*PROBLEM TO SOLVE*. Look through the records, and wherever the string "split" turns up, copy out that line.

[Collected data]
----------------------------------------
text \<open>The operator of \<open>qKZ_op\<close> with \<open>R\<close> replaced by \<open>Rbar\<close>; by unitarity the inverses
  \<open>Rinv\<^sub>k\<^sub>,\<^sub>m(w)\<close> become \<open>Rbar\<^sub>m\<^sub>,\<^sub>k(1/w)\<close> up to scalars (see \<open>Rinv_conv_Rbar_op\<close>).\<close>
definition qKZ_op_bar :: "real \<Rightarrow> real \<Rightarrow> nat \<Rightarrow> nat \<Rightarrow> (nat \<Rightarrow> complex) \<Rightarrow> nat \<Rightarrow> (nat \<Rightarrow> complex)
    \<Rightarrow> (nat list \<Rightarrow> complex) \<Rightarrow> (nat list \<Rightarrow> complex)" where
  "qKZ_op_bar q p n N kap m z = compose_ops
     (map (\<lambda>l. Rbar_op q n N m l (of_real p * z m / z l)) (rev [0..<m])
      @ [Hop N kap m]
      @ map (\<lambda>k. Rbar_op q n N m k (z m / z k)) (rev [Suc m..<n]))"

lemma qKZ_op_bar_scale_tvec:
  "X \<in> tvecs n N \<Longrightarrow> qKZ_op_bar q p n N kap m z (scale_tvec c X)
      = scale_tvec c (qKZ_op_bar q p n N kap m z X)"
  unfolding qKZ_op_bar_def by (rule compose_ops_tvec_op(2)) (auto simp: tvec_op_Rbar_op tvec_op_Hop)

lemma permute_tvec_transpose_compose_ops:
  assumes "Suc m < n" "\<forall>l\<in>set ls. l < m" "\<forall>k\<in>set ks. Suc m < k \<and> k < n" "X \<in> tvecs n N"
  defines "\<tau> \<equiv> Transposition.transpose m (Suc m)"
  shows "permute_tvec \<tau> (compose_ops (map (\<lambda>l. Rbar_op q n N (Suc m) l (v l)) ls
        @ [Hop N kap (Suc m)] @ map (\<lambda>k. Rbar_op q n N (Suc m) k (w k)) ks) X)
    = compose_ops (map (\<lambda>l. Rbar_op q n N m l (v l)) ls
        @ [Hop N kap m] @ map (\<lambda>k. Rbar_op q n N m k (w k)) ks) (permute_tvec \<tau> X)"
proof (rule permute_tvec_compose_ops)
  have \<tau>: "\<tau> permutes {..<n}" "\<tau> m = Suc m" "\<tau> (Suc m) = m" "\<And>k. k \<noteq> m \<Longrightarrow> k \<noteq> Suc m \<Longrightarrow> \<tau> k = k"
    unfolding \<tau>_def using transpose_Suc_permutes[OF assms(1)] by auto
  then show "list_all2 (\<lambda>A B. \<forall>X\<in>tvecs n N. permute_tvec \<tau> (A X) = B (permute_tvec \<tau> X))
      (map (\<lambda>l. Rbar_op q n N (Suc m) l (v l)) ls
        @ [Hop N kap (Suc m)] @ map (\<lambda>k. Rbar_op q n N (Suc m) k (w k)) ks)
      (map (\<lambda>l. Rbar_op q n N m l (v l)) ls @ [Hop N kap m] @ map (\<lambda>k. Rbar_op q n N m k (w k)) ks)"
    using assms(1-3)
    by (intro list_all2_appendI) (auto simp: list_all2_map1 list_all2_map2 permute_tvec_Rbar_op
        permute_tvec_Hop intro!: list.rel_refl_strong)
qed (auto simp: tvec_op_Rbar_op tvec_op_Hop assms(4))

text \<open>Conjugation by the transposition of slots \<open>m, m + 1\<close> turns the factors of the \<open>m\<close>-th operator
  at \<open>swapz m z\<close> into those of the \<open>(m + 1)\<close>-st at \<open>z\<close>; the two factors acting on these slots
  cancel by unitarity.\<close>
lemma qKZ_op_bar_Suc:
  assumes "Suc m < n" "good q (z (Suc m) / z m)" "0 < q" "X \<in> tvecs n N"
  defines "\<tau> \<equiv> Transposition.transpose m (Suc m)"
  shows "qKZ_op_bar q p n N kap (Suc m) z X
    = Rbar_op q n N (Suc m) m (of_real p * z (Suc m) / z m) (permute_tvec \<tau>
        (qKZ_op_bar q p n N kap m (swapz m z)
          (permute_tvec \<tau> (Rbar_op q n N m (Suc m) (z m / z (Suc m)) X))))"
proof -
  have \<tau>: "\<tau> permutes {..<n}" "\<tau> m = Suc m" "\<tau> (Suc m) = m"
    unfolding \<tau>_def using transpose_Suc_permutes[OF assms(1)] by auto
  define L where "L j = map (\<lambda>l. Rbar_op q n N j l (of_real p * z (Suc m) / z l)) (rev [0..<m])
      @ [Hop N kap j] @ map (\<lambda>k. Rbar_op q n N j k (z (Suc m) / z k)) (rev [Suc (Suc m)..<n])" for j
  have split: "rev [Suc m..<n] = rev [Suc (Suc m)..<n] @ [Suc m]"
    using assms(1) by (simp add: upt_conv_Cons)
  have swapped: "map (\<lambda>l. Rbar_op q n N m l (of_real p * swapz m z m / swapz m z l)) (rev [0..<m])
      = map (\<lambda>l. Rbar_op q n N m l (of_real p * z (Suc m) / z l)) (rev [0..<m])"
    "map (\<lambda>k. Rbar_op q n N m k (swapz m z m / swapz m z k)) (rev [Suc (Suc m)..<n])
      = map (\<lambda>k. Rbar_op q n N m k (z (Suc m) / z k)) (rev [Suc (Suc m)..<n])"
    by (auto simp: swapz_def)
  have bar_swapz: "qKZ_op_bar q p n N kap m (swapz m z) Y
      = compose_ops (L m) (Rbar_op q n N m (Suc m) (z (Suc m) / z m) Y)" for Y
    unfolding qKZ_op_bar_def split map_append swapped L_def by (simp add: swapz_def)
  have bar_Suc: "qKZ_op_bar q p n N kap (Suc m) z X
      = Rbar_op q n N (Suc m) m (of_real p * z (Suc m) / z m) (compose_ops (L (Suc m)) X)"
    unfolding qKZ_op_bar_def L_def by simp
  have "compose_ops (L m) (permute_tvec \<tau> X) = permute_tvec \<tau> (compose_ops (L (Suc m)) X)"
    unfolding L_def \<tau>_def using permute_tvec_transpose_compose_ops[OF assms(1) _ _ assms(4)] by simp
  moreover have "Rbar_op q n N m (Suc m) (z (Suc m) / z m)
      (permute_tvec \<tau> (Rbar_op q n N m (Suc m) (z m / z (Suc m)) X)) = permute_tvec \<tau> X"
    using Rbar_op_unitary_good(1)[OF assms(2,3) _ _ _ permute_tvec_in_tvecs[OF \<tau>(1) assms(4)],
        of m "Suc m"]
      permute_tvec_Rbar_op[OF \<tau>(1), of m "Suc m"] assms(1) \<tau> by simp
  moreover have "permute_tvec \<tau> (permute_tvec \<tau> Y) = Y" if "Y \<in> tvecs n N" for Y
    using permute_tvec_comp[OF \<tau>(1) \<tau>(1) that] unfolding \<tau>_def
    by (simp add: Transposition.transpose_comp_involutory)
  moreover have "\<forall>A\<in>set (L (Suc m)). tvec_op n N A"
    unfolding L_def by (auto simp: tvec_op_Rbar_op tvec_op_Hop)
  ultimately show ?thesis
    unfolding bar_swapz bar_Suc using compose_ops_tvec_op(1) assms(4) by simp
qed

context qKZ_family_data
begin

lemma Ffun_cycle_step:
  assumes "generic q p n z" "Suc k < n"
  defines "u \<equiv> z (Suc k) / z 0"
  shows "permute_tvec (cycle_perm k) (F (z \<circ> cycle_perm k)) = scale_tvec (exch_factor u)
      (Rbar_op q n N (Suc k) 0 u (permute_tvec (cycle_perm (Suc k)) (F (z \<circ> cycle_perm (Suc k)))))"
proof -
  define y where "y = z \<circ> cycle_perm (Suc k)"
  define \<tau> where "\<tau> = Transposition.transpose k (Suc k)"
  have \<tau>: "\<tau> permutes {..<n}" "\<tau> \<circ> \<tau> = id"
    unfolding \<tau>_def using transpose_Suc_permutes[OF assms(2)]
    by (auto simp: Transposition.transpose_comp_involutory)
  have cyc: "cycle_perm k permutes {..<n}" "cycle_perm (Suc k) permutes {..<n}"
    using assms(2) by (auto intro: cycle_perm_permutes)
  have y: "torus n y" "y k / y (Suc k) = u" "swapz k y = z \<circ> cycle_perm k"
    using torus_comp_permutes[OF cyc(2) genericD(1)[OF assms(1)]] \<tau>(2)
    unfolding y_def u_def swapz_conv_comp
    by (simp_all add: cycle_perm_Suc_apply, simp add: cycle_perm_Suc comp_assoc flip: \<tau>_def)
  have "good q u"
    unfolding u_def using genericD(2)[OF assms(1), of "Suc k" 0] assms(2) by simp
  then have "F (z \<circ> cycle_perm k)
      = scale_tvec (exch_factor u) (permute_tvec \<tau> (Rbar_op q n N k (Suc k) u (F y)))"
    using Ffun_swapz[OF assms(2) y(1)] y(2,3) unfolding \<tau>_def by simp
  then have "permute_tvec (cycle_perm k) (F (z \<circ> cycle_perm k))
      = scale_tvec (exch_factor u)
        (permute_tvec (cycle_perm (Suc k)) (Rbar_op q n N k (Suc k) u (F y)))"
    using permute_tvec_comp[OF cyc(1) \<tau>(1) Rbar_op_in_tvecs]
    unfolding cycle_perm_Suc \<tau>_def by (simp add: permute_tvec_scale_tvec)
  then show ?thesis
    unfolding y_def using permute_tvec_Rbar_op[OF cyc(2), of k "Suc k"] assms(2)
    by (simp add: cycle_perm_Suc_apply)
qed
----------------------------------------
*RESPONSE TO THIS TASK*.
  have split: "rev [Suc m..<n] = rev [Suc (Suc m)..<n] @ [Suc m]"
    unfolding qKZ_op_bar_def split map_append swapped L_def by (simp add: swapz_def)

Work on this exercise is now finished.